A Multi-polarization Conformal Antenna for Capsule Endoscopy

technical field

The invention relates to the communication field, in particular to a multi-polarization conformal antenna for a capsule endoscope.

Background technique

To establish a reliable communication between the body and the body of a wireless capsule endoscope system depends to a large extent on the performance of the antenna inside the capsule. The position and direction of the capsule in the human body are uncertain, and the space inside the capsule is limited, and other electronic components need to be accommodated: transceivers, batteries, LED lights, cameras, etc.

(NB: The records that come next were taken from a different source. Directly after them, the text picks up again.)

lemma convex_conic_hullI:
  fixes S :: "'a::real_vector set"
  assumes segments: "\<And>x y. x \<in> S \<Longrightarrow> y \<in> S \<Longrightarrow> closed_segment x y \<subseteq> conic hull S"
  shows "convex (conic hull S)"
proof -
  have "a + b \<in> conic hull S" if ab: "a \<in> conic hull S" "b \<in> conic hull S" for a b
  proof -
    obtain c x where a: "a = c *\<^sub>R x" "0 \<le> c" "x \<in> S"
      using ab(1) by (auto simp: conic_hull_explicit)
    obtain d y where b: "b = d *\<^sub>R y" "0 \<le> d" "y \<in> S"
      using ab(2) by (auto simp: conic_hull_explicit)
    show ?thesis
    proof (cases "c + d = 0")
      case True
      then have "c = 0" "d = 0" using a(2) b(2) by auto
      then show ?thesis using a b \<open>a \<in> conic hull S\<close> by simp
    next
      case False
      then have "0 < c + d" using a b by simp
      then have "a + b = (c + d) *\<^sub>R (inverse (c + d) *\<^sub>R (c *\<^sub>R x + d *\<^sub>R y))"
        using a b by simp
      also have "\<dots> \<in> conic hull S"
      proof (rule conicD[OF conic_conic_hull])
        show "inverse (c + d) *\<^sub>R (c *\<^sub>R x + d *\<^sub>R y) \<in> conic hull S"
          by (rule subsetD[OF segments[OF a(3) b(3)] scaleR_add_in_closed_segment[OF a(2) b(2) \<open>0 < c + d\<close>]])
      qed (use \<open>0 < c + d\<close> in simp)
      finally show ?thesis .
    qed
  qed
  then show ?thesis
    using convex_cone conic_conic_hull by (metis conic_def)
qed

lemma pointed_conic_hullI:
  fixes S :: "'a::real_vector set"
  assumes "S \<noteq> {}" and segments: "\<And>x y. x \<in> S \<Longrightarrow> y \<in> S \<Longrightarrow> 0 \<notin> closed_segment x y"
  shows "pointed (conic hull S)"
proof -
  have "w = 0" if w_mw: "w \<in> conic hull S" "- w \<in> conic hull S" for w
  proof -
    obtain c x where w: "w = c *\<^sub>R x" "0 \<le> c" "x \<in> S"
      using w_mw(1) by (auto simp: conic_hull_explicit)
    obtain d y where mw: "- w = d *\<^sub>R y" "0 \<le> d" "y \<in> S"
      using w_mw(2) by (auto simp: conic_hull_explicit)
    show ?thesis
    proof (rule ccontr)
      assume "w \<noteq> 0"
      then have "0 < c + d" using w mw(2) by auto
      moreover have "c *\<^sub>R x + d *\<^sub>R y = 0"
        using w mw by (metis add.right_inverse)
      ultimately show False
        using scaleR_add_in_closed_segment[OF w(2) mw(2), where x=x and y=y] segments[OF w(3) mw(3)]
        by simp
    qed
  qed
  then show ?thesis
    using assms(1) unfolding pointed_def by force
qed

lemma convex_Diff_zero_if_pointed_cone:
  fixes K :: "'a::real_vector set"
  assumes "cone K" "pointed K" "convex K"
  shows "convex (K - {0})"
proof (rule convexI)
  fix x y and u v :: real
  assume x: "x \<in> K - {0}" and y: "y \<in> K - {0}" and uv: "0 \<le> u" "0 \<le> v" "u + v = 1"
  have ux: "u *\<^sub>R x \<in> K" and vy: "v *\<^sub>R y \<in> K"
    using assms(1) x y uv by (auto simp: cone_def)
  have "u *\<^sub>R x + v *\<^sub>R y \<noteq> 0"
  proof
    assume sum: "u *\<^sub>R x + v *\<^sub>R y = 0"
    then have "u *\<^sub>R x \<in> K \<inter> uminus ` K"
      using ux vy by (metis IntI add.inverse_unique image_eqI minus_minus)
    then have "u *\<^sub>R x = 0"
      using assms(2) unfolding pointed_def by blast
    moreover from this have "v *\<^sub>R y = 0"
      using sum by (metis add.left_neutral)
    ultimately show False
      using x y uv by auto
  qed
  then show "u *\<^sub>R x + v *\<^sub>R y \<in> K - {0}"
    using convexD[OF assms(3)] x y uv by blast
qed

Therefore, antenna design needs to consider many of the above factors: lossy dispersion characteristics of human tissue, electromagnetic compatibility issues, miniaturization, etc.

Most of the antenna technologies currently used in capsule endoscopes are designed as built-in helical antennas or planar antennas, which have the disadvantages of large size and easy polarization mismatch. Many shortcomings make it difficult for current capsule endoscope antennas to adapt to the human body. And the complex and changeable application environment requirements inside the capsule.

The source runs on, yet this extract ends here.